Владимир Ананьев Театр – это весь мир

   Всем известна фраза Шекспира: «Весь мир – театр». Ее произносят, когда лишний раз хотят подчеркнуть, что мы – мужчины, женщины, дети – лишь исполнители неких ролей на сцене жизни. А если в знаменитой фразе попробовать поменять слова местами? Получится: «Театр – весь мир». По-моему, звучит не хуже, чем у Шекспира. А уж для человека, серьезно занимающегося театром, вообще может быть только так, а не иначе, для него театр на самом деле Вселенная, в которой есть абсолютно все: и духовность, и красота, и религия, и политика… Когда это понимаешь, механизм взаимоотношений актеров друг с другом, механизм общения со зрителем, с драматургией, литературой становится не просто жизненной необходимостью, а буквально твоим воздухом.
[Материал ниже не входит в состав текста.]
(* Let $G$ be a finite connected graph with chromatic number $\chi$, let $c$ be a nice $\chi$-coloring of $G$, and let $(V^c_1,\dots,V^c_k)$ be the level partition of $D_c$. Let $B_c$ be the set of vertices $x$ of $G$ such that there is no colorful path (with respect to $c$) starting at $x$. Then $B_c\subseteq V^c_2\cup V^c_3\cup\dots\cup V^c_{\chi-1}$.
   Context: A proper $\chi$-coloring is a map $c:V(G)\to\{1,\dots,\chi\}$ with adjacent vertices receiving different colors; colors are considered modulo $\chi$. A colorful path is a path on $\chi$ distinct vertices of $G$ whose colors are pairwise distinct. $D_c$ is the oriented graph on $V(G)$ with an arc $ab$ if and only if $\{a,b\}\in E(G)$ and $c(b)\equiv c(a)+1\pmod{\chi}$. The coloring $c$ is nice if $D_c$ is acyclic and has exactly one sink (vertex of out-degree $0$). For an acyclic oriented graph $D$, the level partition is the unique partition $(V_1,\dots,V_k)$ of $V(D)$ such that $V_i$ is the set of sinks of the subdigraph of $D$ induced on $V(D)\setminus(V_1\cup\dots\cup V_{i-1})$. *)

theory Defs
  imports Main
begin

definition graph :: "'a set \<Rightarrow> ('a \<Rightarrow> 'a \<Rightarrow> bool) \<Rightarrow> bool" where
  "graph V E \<longleftrightarrow> finite V \<and> (\<forall>u v. E u v \<longrightarrow> u \<in> V \<and> v \<in> V)
     \<and> (\<forall>u v. E u v \<longrightarrow> E v u) \<and> (\<forall>u. \<not> E u u)"

definition connected_graph :: "'a set \<Rightarrow> ('a \<Rightarrow> 'a \<Rightarrow> bool) \<Rightarrow> bool" where
  "connected_graph V E \<longleftrightarrow> graph V E \<and> V \<noteq> {} \<and> (\<forall>u\<in>V. \<forall>v\<in>V. E\<^sup>*\<^sup>* u v)"

definition proper_coloring :: "'a set \<Rightarrow> ('a \<Rightarrow> 'a \<Rightarrow> bool) \<Rightarrow> nat \<Rightarrow> ('a \<Rightarrow> nat) \<Rightarrow> bool" where
  "proper_coloring V E k c \<longleftrightarrow> (\<forall>v\<in>V. c v \<in> {1..k}) \<and> (\<forall>u v. E u v \<longrightarrow> c u \<noteq> c v)"

definition chromatic_number :: "'a set \<Rightarrow> ('a \<Rightarrow> 'a \<Rightarrow> bool) \<Rightarrow> nat" where
  "chromatic_number V E = (LEAST k. \<exists>c. proper_coloring V E k c)"

definition colorful_path_from ::
  "'a set \<Rightarrow> ('a \<Rightarrow> 'a \<Rightarrow> bool) \<Rightarrow> nat \<Rightarrow> ('a \<Rightarrow> nat) \<Rightarrow> 'a \<Rightarrow> 'a list \<Rightarrow> bool" where
  "colorful_path_from V E \<chi> c x p \<longleftrightarrow>
     length p = \<chi> \<and> distinct p \<and> set p \<subseteq> V \<and> p \<noteq> [] \<and> hd p = x
     \<and> (\<forall>i. Suc i < length p \<longrightarrow> E (p ! i) (p ! Suc i))
     \<and> distinct (map c p)"

definition Dc_arc :: "('a \<Rightarrow> 'a \<Rightarrow> bool) \<Rightarrow> nat \<Rightarrow> ('a \<Rightarrow> nat) \<Rightarrow> 'a \<Rightarrow> 'a \<Rightarrow> bool" where
  "Dc_arc E \<chi> c a b \<longleftrightarrow> E a b \<and> c b mod \<chi> = (c a + 1) mod \<chi>"

definition sinks_in :: "('a \<Rightarrow> 'a \<Rightarrow> bool) \<Rightarrow> 'a set \<Rightarrow> 'a set" where
  "sinks_in A S = {v \<in> S. \<not> (\<exists>w\<in>S. A v w)}"

definition nice_coloring :: "'a set \<Rightarrow> ('a \<Rightarrow> 'a \<Rightarrow> bool) \<Rightarrow> nat \<Rightarrow> ('a \<Rightarrow> nat) \<Rightarrow> bool" where
  "nice_coloring V E \<chi> c \<longleftrightarrow> proper_coloring V E \<chi> c
     \<and> acyclic {(a, b). a \<in> V \<and> b \<in> V \<and> Dc_arc E \<chi> c a b}
     \<and> card (sinks_in (Dc_arc E \<chi> c) V) = 1"

text \<open>Level partition: remaining A V i = V minus V_1 .. V_i; level A V i = V_i (i \<ge> 1).
  Levels beyond the last nonempty one are empty.\<close>
fun remaining :: "('a \<Rightarrow> 'a \<Rightarrow> bool) \<Rightarrow> 'a set \<Rightarrow> nat \<Rightarrow> 'a set" where
  "remaining A V 0 = V"
| "remaining A V (Suc i) = remaining A V i - sinks_in A (remaining A V i)"

definition level :: "('a \<Rightarrow> 'a \<Rightarrow> bool) \<Rightarrow> 'a set \<Rightarrow> nat \<Rightarrow> 'a set" where
  "level A V i = sinks_in A (remaining A V (i - 1))"

end

theory Submission
  imports Defs "HOL-Number_Theory.Cong"
begin

text \<open>
  In the acyclic digraph \<open>D\<^sub>c\<close> every vertex of level \<open>i > 1\<close> has an arc into level \<open>i - 1\<close>, so
  each vertex of level \<open>i\<close> starts a directed walk through levels \<open>i, i - 1, \<dots>, 1\<close>. Along an arc
  the colour grows by one modulo \<open>\<chi>\<close>, hence any \<open>\<chi>\<close> consecutive vertices of such a walk carry
  pairwise distinct colours and form a colorful path. This settles vertices of level at least
  \<open>\<chi>\<close>. For the unique sink \<open>x\<close>, which forms level 1, minimality of \<open>\<chi>\<close> yields a path with
  colours \<open>1, 2, \<dots>, \<chi>\<close>; its first vertex lies in level at least \<open>\<chi>\<close>, and reversing the last
  \<open>\<chi>\<close> vertices of the walk from it down to \<open>x\<close> gives a colorful path starting at \<open>x\<close>.
\<close>

lemma remaining_subset: "remaining A V n \<subseteq> V"
  by (induction n) auto

lemma antimono_remaining: "antimono (remaining A V)"
  unfolding antimono_iff_le_Suc by auto

lemma level_subset: "level A V i \<subseteq> V"
  using remaining_subset by (fastforce simp: level_def sinks_in_def)

lemma level_Suc: "level A V (Suc k) = remaining A V k - remaining A V (Suc k)"
  by (auto simp: level_def sinks_in_def)

lemma sinks_in_nonempty:
  assumes "finite V" "acyclic {(a, b). a \<in> V \<and> b \<in> V \<and> A a b}" "S \<subseteq> V" "S \<noteq> {}"
  shows "sinks_in A S \<noteq> {}"
proof -
  let ?R = "{(a, b). a \<in> V \<and> b \<in> V \<and> A a b}"
  have "?R \<subseteq> V \<times> V"
    by auto
  then have "finite ?R"
    using assms(1) by (simp add: finite_subset)
  then have "wf (?R\<inverse>)"
    using assms(2) by (rule finite_acyclic_wf_converse)
  then obtain x where "x \<in> S" and "\<And>y. (y, x) \<in> ?R\<inverse> \<Longrightarrow> y \<notin> S"
    using assms(4) by (rule wfE_min') blast
  then have "x \<in> sinks_in A S"
    using assms(3) by (auto simp: sinks_in_def)
  then show ?thesis by auto
qed

lemma card_remaining:
  assumes "finite V" "acyclic {(a, b). a \<in> V \<and> b \<in> V \<and> A a b}" "remaining A V n \<noteq> {}"
  shows "card (remaining A V n) + n \<le> card V"
  using assms(3)
proof (induction n)
  case (Suc n)
  have "remaining A V n \<noteq> {}"
    using Suc.prems by auto
  then have "sinks_in A (remaining A V n) \<noteq> {}" and "card (remaining A V n) + n \<le> card V"
    using sinks_in_nonempty[OF assms(1,2) remaining_subset] Suc.IH by auto
  moreover have "finite (remaining A V n)"
    using assms(1) remaining_subset finite_subset by metis
  ultimately have "card (remaining A V (Suc n)) < card (remaining A V n)"
    by (intro psubset_card_mono) (auto simp: sinks_in_def)
  then show ?case
    using \<open>card (remaining A V n) + n \<le> card V\<close> by simp
qed simp

lemma remaining_card_eq_empty:
  assumes "finite V" "acyclic {(a, b). a \<in> V \<and> b \<in> V \<and> A a b}"
  shows "remaining A V (card V) = {}"
proof (rule ccontr)
  assume nonempty: "remaining A V (card V) \<noteq> {}"
  then have "card (remaining A V (card V)) > 0"
    using assms(1) remaining_subset finite_subset by (metis card_gt_0_iff)
  then show False
    using card_remaining[OF assms nonempty] by linarith
qed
Для меня, почти случайно оказавшегося в театре Гедрюса Мацкявичюса, это было огромное открытие. Оно поменяло мое отношение не только к театру, но и к жизни в целом. Позднее, когда друзья детства спрашивали у меня совета: что делать, как жить, я им говорил: идите работать в театр, там вы найдете все, что нужно человеку. Лично для меня театр стал отдушиной, выходом из духовного тупика. Я чувствовал это на интуитивном уровне. Кроме того, мне повезло вдвойне: начав работать в коллективе, я сразу попал под крыло Анатолия Бочарова, который по значимости, не должностной (все актеры были равны), а человеческой, стоял в нашем восприятии на втором месте после Гедрюса. Они были как отец и сын, причем Толику не так уж редко выпадала роль отца, не случайно же актеры называли его совестью коллектива. Бочаров не учил меня существованию в театре, он рассказывал мне про свою жизнь через театр, показывал, как это все тесно переплетено. Для него театр тоже был и остается всем миром.
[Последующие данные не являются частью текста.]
lemma card_incorrect_le_defects:
  fixes V :: "'a set" and X :: "'a set set"
  assumes "finite V" "1 \<le> k" "W \<in> nsets V (k - 1)"
  defines "V1 \<equiv> {s \<in> V. insert s W \<in> X}"
  shows "card {S \<in> nsets V (2*k). \<not> correct_set E V1 (V - V1) S}
    \<le> (k - 1) * card V ^ (2*k - 1) + card (cut_errors (nsets V k) (splits_edge E) X)
      + k * (card (inconsistent_swaps V (k - 1) X W) * (card V choose (k - 1)))"
proof -
  define M where "M = cut_errors (nsets V k) (splits_edge E) X"
  define Meet where "Meet = {S \<in> nsets V (2*k). S \<inter> W \<noteq> {}}"
  define Halves where "Halves = {S \<in> nsets V (2*k). (enumeration S ` {..<k}, enumeration S ` {k..<2*k}) \<in> M}"
  define Swap where "Swap i = {S \<in> nsets V (2*k). (enumeration S ` (chain_block k i - {i}),
    enumeration S i, enumeration S (k + i)) \<in> inconsistent_swaps V (k - 1) X W}" for i
  have "S \<in> Meet \<union> Halves \<union> (\<Union>i<k. Swap i)"
    if S: "S \<in> nsets V (2*k)" "\<not> correct_set E V1 (V - V1) S" for S
  proof (rule ccontr)
    assume "S \<notin> Meet \<union> Halves \<union> (\<Union>i<k. Swap i)"
    then have "correct_set E V1 (V - V1) S"
      unfolding V1_def using S(1)
      by (intro correct_set_if_no_defect[OF bij_betw_enumeration_nsets[OF S(1)]])
        (auto simp: Meet_def Halves_def Swap_def M_def nsets_def)
    with S(2) show False ..
  qed
  then have "{S \<in> nsets V (2*k). \<not> correct_set E V1 (V - V1) S} \<subseteq> Meet \<union> Halves \<union> (\<Union>i<k. Swap i)"
    by blast
  moreover have "finite (Meet \<union> Halves \<union> (\<Union>i<k. Swap i))"
    using \<open>finite V\<close> by (auto simp: Meet_def Halves_def Swap_def finite_imp_finite_nsets)
  ultimately have "card {S \<in> nsets V (2*k). \<not> correct_set E V1 (V - V1) S}
      \<le> card (Meet \<union> Halves \<union> (\<Union>i<k. Swap i))"
    by (rule card_mono[rotated])
  also have "\<dots> \<le> card Meet + card Halves + card (\<Union>i<k. Swap i)"
    using card_Un_le[of "Meet \<union> Halves" "\<Union>i<k. Swap i"] card_Un_le[of Meet Halves] by linarith
  also have "card (\<Union>i<k. Swap i) \<le> (\<Sum>i<k. card (Swap i))"
    by (rule card_UN_le) simp
  also have "\<dots> \<le> k * (card (inconsistent_swaps V (k - 1) X W) * (card V choose (k - 1)))"
    using sum_bounded_above[of "{..<k}" "\<lambda>i. card (Swap i)"] card_swaps_in_le[OF \<open>finite V\<close>]
      finite_inconsistent_swaps[OF \<open>finite V\<close>] by (simp add: Swap_def)
  also have "card Meet \<le> (k - 1) * card V ^ (2*k - 1)"
    using card_nsets_meeting_le[of V "2*k" W] assms by (simp add: Meet_def nsets_def)
  also have "card Halves \<le> card M"
    unfolding Halves_def M_def using \<open>finite V\<close>
    by (intro card_halves_in_le) (auto simp: cut_errors_def finite_imp_finite_nsets intro: finite_subset)
  finally show ?thesis
    by (simp add: M_def)
qed

lemma card_incorrect_le_cut_errors:
  fixes V :: "'a set"
  assumes "finite V" "1 \<le> k" "k \<le> card V"
  shows "\<exists>V1\<subseteq>V. card {S \<in> nsets V (2*k). \<not> correct_set E V1 (V - V1) S}
    \<le> (k - 1) * card V ^ (2*k - 1) + (1 + 2*k^3) * card (cut_errors (nsets V k) (splits_edge E) X)"
proof -
  obtain j where "k = Suc j"
    using \<open>1 \<le> k\<close> by (cases k) auto
  then obtain W where "W \<in> nsets V (k - 1)" and few_swaps:
    "(card V choose (k - 1)) * card (inconsistent_swaps V (k - 1) X W)
      \<le> 2 * k^2 * card (cut_errors (nsets V k) (splits_edge E) X)"
    using ex_few_inconsistent_swaps[OF \<open>finite V\<close>, of j X E] assms by auto
  then have "k * (card (inconsistent_swaps V (k - 1) X W) * (card V choose (k - 1)))
      \<le> 2 * k^3 * card (cut_errors (nsets V k) (splits_edge E) X)"
    by (simp add: mult.commute power3_eq_cube power2_eq_square mult_left_mono mult.left_commute)
  moreover have "card {S \<in> nsets V (2*k). \<not> correct_set E {s \<in> V. insert s W \<in> X} (V - {s \<in> V. insert s W \<in> X}) S}
    \<le> (k - 1) * card V ^ (2*k - 1) + card (cut_errors (nsets V k) (splits_edge E) X)
      + k * (card (inconsistent_swaps V (k - 1) X W) * (card V choose (k - 1)))"
    using \<open>finite V\<close> \<open>1 \<le> k\<close> \<open>W \<in> nsets V (k - 1)\<close> by (rule card_incorrect_le_defects)
  ultimately show ?thesis
    by (intro exI[of _ "{s \<in> V. insert s W \<in> X}"]) (auto simp: ring_distribs)
qed

definition error_coeff :: "nat \<Rightarrow> real" where
  "error_coeff k = real (k - 1) + 9 / 2 * real (1 + 2*k^3)"

definition deficit_coeff :: "nat \<Rightarrow> real" where
  "deficit_coeff k = 9 * real (1 + 2*k^3) * real (2*k choose k)"

lemma deficit_coeff_pos: "deficit_coeff k > 0"
  unfolding deficit_coeff_def by (intro mult_pos_pos) (auto intro: add_pos_nonneg)

lemma card_incorrect_sets_le:
  fixes V :: "'a set"
  assumes "finite V" "1 \<le> k" "k \<le> card V" "uniform_hypergraph (2*k) V E" "\<not> contains_C3 k V E"
  shows "\<exists>V1 V2. V1 \<union> V2 = V \<and> V1 \<inter> V2 = {} \<and>
    real (card {S. S \<subseteq> V \<and> card S = 2*k \<and> \<not> correct_set E V1 V2 S})
      \<le> error_coeff k * real (card V) ^ (2*k - 1)
        + deficit_coeff k * (real (card V choose (2*k)) / 2 - real (card E))"
proof -
  obtain X where X: "real (card (cut_errors (nsets V k) (splits_edge E) X))
      \<le> 9 * (real (card V) ^ (2*k - 1) / 2 + real (2*k choose k) * (real (card V choose (2*k)) / 2 - real (card E)))"
    using splits_edge_cut_errors_le[OF assms(1,2,4,5)] by blast
  obtain V1 where "V1 \<subseteq> V" and V1: "card {S \<in> nsets V (2*k). \<not> correct_set E V1 (V - V1) S}
      \<le> (k - 1) * card V ^ (2*k - 1) + (1 + 2*k^3) * card (cut_errors (nsets V k) (splits_edge E) X)"
    using card_incorrect_le_cut_errors[OF assms(1-3)] by blast
  have "{S. S \<subseteq> V \<and> card S = 2*k \<and> \<not> correct_set E V1 (V - V1) S}
      = {S \<in> nsets V (2*k). \<not> correct_set E V1 (V - V1) S}"
    using \<open>finite V\<close> by (auto simp: nsets_def intro: finite_subset)
  then have "real (card {S. S \<subseteq> V \<and> card S = 2*k \<and> \<not> correct_set E V1 (V - V1) S})
      \<le> real ((k - 1) * card V ^ (2*k - 1) + (1 + 2*k^3) * card (cut_errors (nsets V k) (splits_edge E) X))"
    using V1 by (simp only: of_nat_le_iff)
  also have "\<dots> = real (k - 1) * real (card V) ^ (2*k - 1)
      + real (1 + 2*k^3) * real (card (cut_errors (nsets V k) (splits_edge E) X))"
    by (simp only: of_nat_add[of "_ * _" "_ * _"] of_nat_mult of_nat_power)
  also have "\<dots> \<le> real (k - 1) * real (card V) ^ (2*k - 1) + real (1 + 2*k^3)
      * (9 * (real (card V) ^ (2*k - 1) / 2 + real (2*k choose k) * (real (card V choose (2*k)) / 2 - real (card E))))"
    using X by (intro add_left_mono mult_left_mono) simp_all
  also have "\<dots> = error_coeff k * real (card V) ^ (2*k - 1)
      + deficit_coeff k * (real (card V choose (2*k)) / 2 - real (card E))"
    by (simp add: error_coeff_def deficit_coeff_def field_simps)
  finally show ?thesis
    using \<open>V1 \<subseteq> V\<close> by (intro exI[of _ V1] exI[of _ "V - V1"]) auto
qed

lemma le_eps_mult_power:
  fixes \<epsilon> c1 c2 d :: real
  assumes "\<epsilon> > 0" "c2 > 0" "1 \<le> m" "2 * c1 / \<epsilon> \<le> real n" "d < \<epsilon> / (2 * c2) * real n ^ m"
  shows "c1 * real n ^ (m - 1) + c2 * d \<le> \<epsilon> * real n ^ m"
proof -
  have "real n ^ m = real n * real n ^ (m - 1)"
    using \<open>1 \<le> m\<close> by (simp flip: power_Suc)
  moreover have "c1 \<le> \<epsilon> / 2 * real n"
    using assms(1,4) by (simp add: field_simps)
  then have "c1 * real n ^ (m - 1) \<le> \<epsilon> / 2 * real n * real n ^ (m - 1)"
    by (rule mult_right_mono) simp
  moreover have "c2 * d \<le> \<epsilon> / 2 * real n ^ m"
    using mult_strict_left_mono[OF assms(5) assms(2)] assms(2) by simp
  ultimately show ?thesis
    by simp
qed

lemma stability_for_large_n:
  assumes "1 \<le> k" "\<epsilon> > 0"
  shows "\<forall>n\<ge>nat \<lceil>2 * error_coeff k / \<epsilon>\<rceil> + k. \<forall>E :: nat set set.
     uniform_hypergraph (2*k) {..<n} E \<and> \<not> contains_C3 k {..<n} E \<and>
     real (card E) > (1/2) * real (n choose (2*k)) - \<epsilon> / (2 * deficit_coeff k) * real n ^ (2*k) \<longrightarrow>
     (\<exists>V1 V2. V1 \<union> V2 = {..<n} \<and> V1 \<inter> V2 = {} \<and>
        real (card {S. S \<subseteq> {..<n} \<and> card S = 2*k \<and> \<not> correct_set E V1 V2 S}) \<le> \<epsilon> * real n ^ (2*k))"
proof (intro allI impI)
  fix n and E :: "nat set set"
  assume n: "n \<ge> nat \<lceil>2 * error_coeff k / \<epsilon>\<rceil> + k" and H: "uniform_hypergraph (2*k) {..<n} E \<and>
    \<not> contains_C3 k {..<n} E \<and>
    real (card E) > (1/2) * real (n choose (2*k)) - \<epsilon> / (2 * deficit_coeff k) * real n ^ (2*k)"
  have "2 * error_coeff k / \<epsilon> \<le> real (nat \<lceil>2 * error_coeff k / \<epsilon>\<rceil>)"
    by (rule real_nat_ceiling_ge)
  also have "\<dots> \<le> real n"
    using n by (intro of_nat_mono) linarith
  finally have "error_coeff k * real n ^ (2*k - 1) + deficit_coeff k * (real (n choose (2*k)) / 2 - real (card E))
      \<le> \<epsilon> * real n ^ (2*k)"
    using H \<open>\<epsilon> > 0\<close> deficit_coeff_pos \<open>1 \<le> k\<close> by (intro le_eps_mult_power) (simp_all add: algebra_simps)
  moreover obtain V1 V2 where "V1 \<union> V2 = {..<n}" "V1 \<inter> V2 = {}"
    "real (card {S. S \<subseteq> {..<n} \<and> card S = 2*k \<and> \<not> correct_set E V1 V2 S})
      \<le> error_coeff k * real n ^ (2*k - 1) + deficit_coeff k * (real (n choose (2*k)) / 2 - real (card E))"
    using card_incorrect_sets_le[of "{..<n}" k E] H \<open>1 \<le> k\<close> n by auto
  ultimately show "\<exists>V1 V2. V1 \<union> V2 = {..<n} \<and> V1 \<inter> V2 = {} \<and>
      real (card {S. S \<subseteq> {..<n} \<and> card S = 2*k \<and> \<not> correct_set E V1 V2 S}) \<le> \<epsilon> * real n ^ (2*k)"
    by (meson order_trans)
qed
   Однажды, когда актеров нашего театра пригласили выступить на телевидении, Ольга Яковлева сказала в интервью журналистам: «Я себя чувствую миссионером, наш театр несет на себе миссию». Согласен с Ольгой, визуальные виды искусства, в частности театр и кино, обладают самой высокой степенью воздействия на человека, а следовательно, их ответственность за то, что вкладывается в умы и души зрителей, тоже высокая. И мы эту планку держали на протяжении всех 15 лет существования коллектива.
   Уникальность Театра пластической драмы заключалась в том, что он вобрал в себя разные жанры: драму, балет, танец, акробатику, но так называемый синтез не был самоцелью, все, что происходило на сцене – каждый шаг, каждое движение, тишина, звучание музыки, – было драматургически обосновано. Человек, незнакомый с нашим театром, мог бы задать резонный, с его точки зрения, вопрос: если театр концептуально отказывается от слова, то зачем ставить спектакли по мотивам поэзии Шекспира, Блока, Бальмонта? Поэзия, если это настоящая поэзия, говорил Гедрюс, не рождается «просто так», каждое слово в стихотворении подобрано автором максимально точно, потому что за словом, метафорой, ритмом стоит конкретное переживание, за переживанием – событие, цепь событий, складывающихся в сюжет. Умению читать поэзию и прозу, вернее, вчитываться в нее, препарировать текст, по крупицам извлекать из него драматургию Гедрюс учился у Марии Осиповны Кнебель.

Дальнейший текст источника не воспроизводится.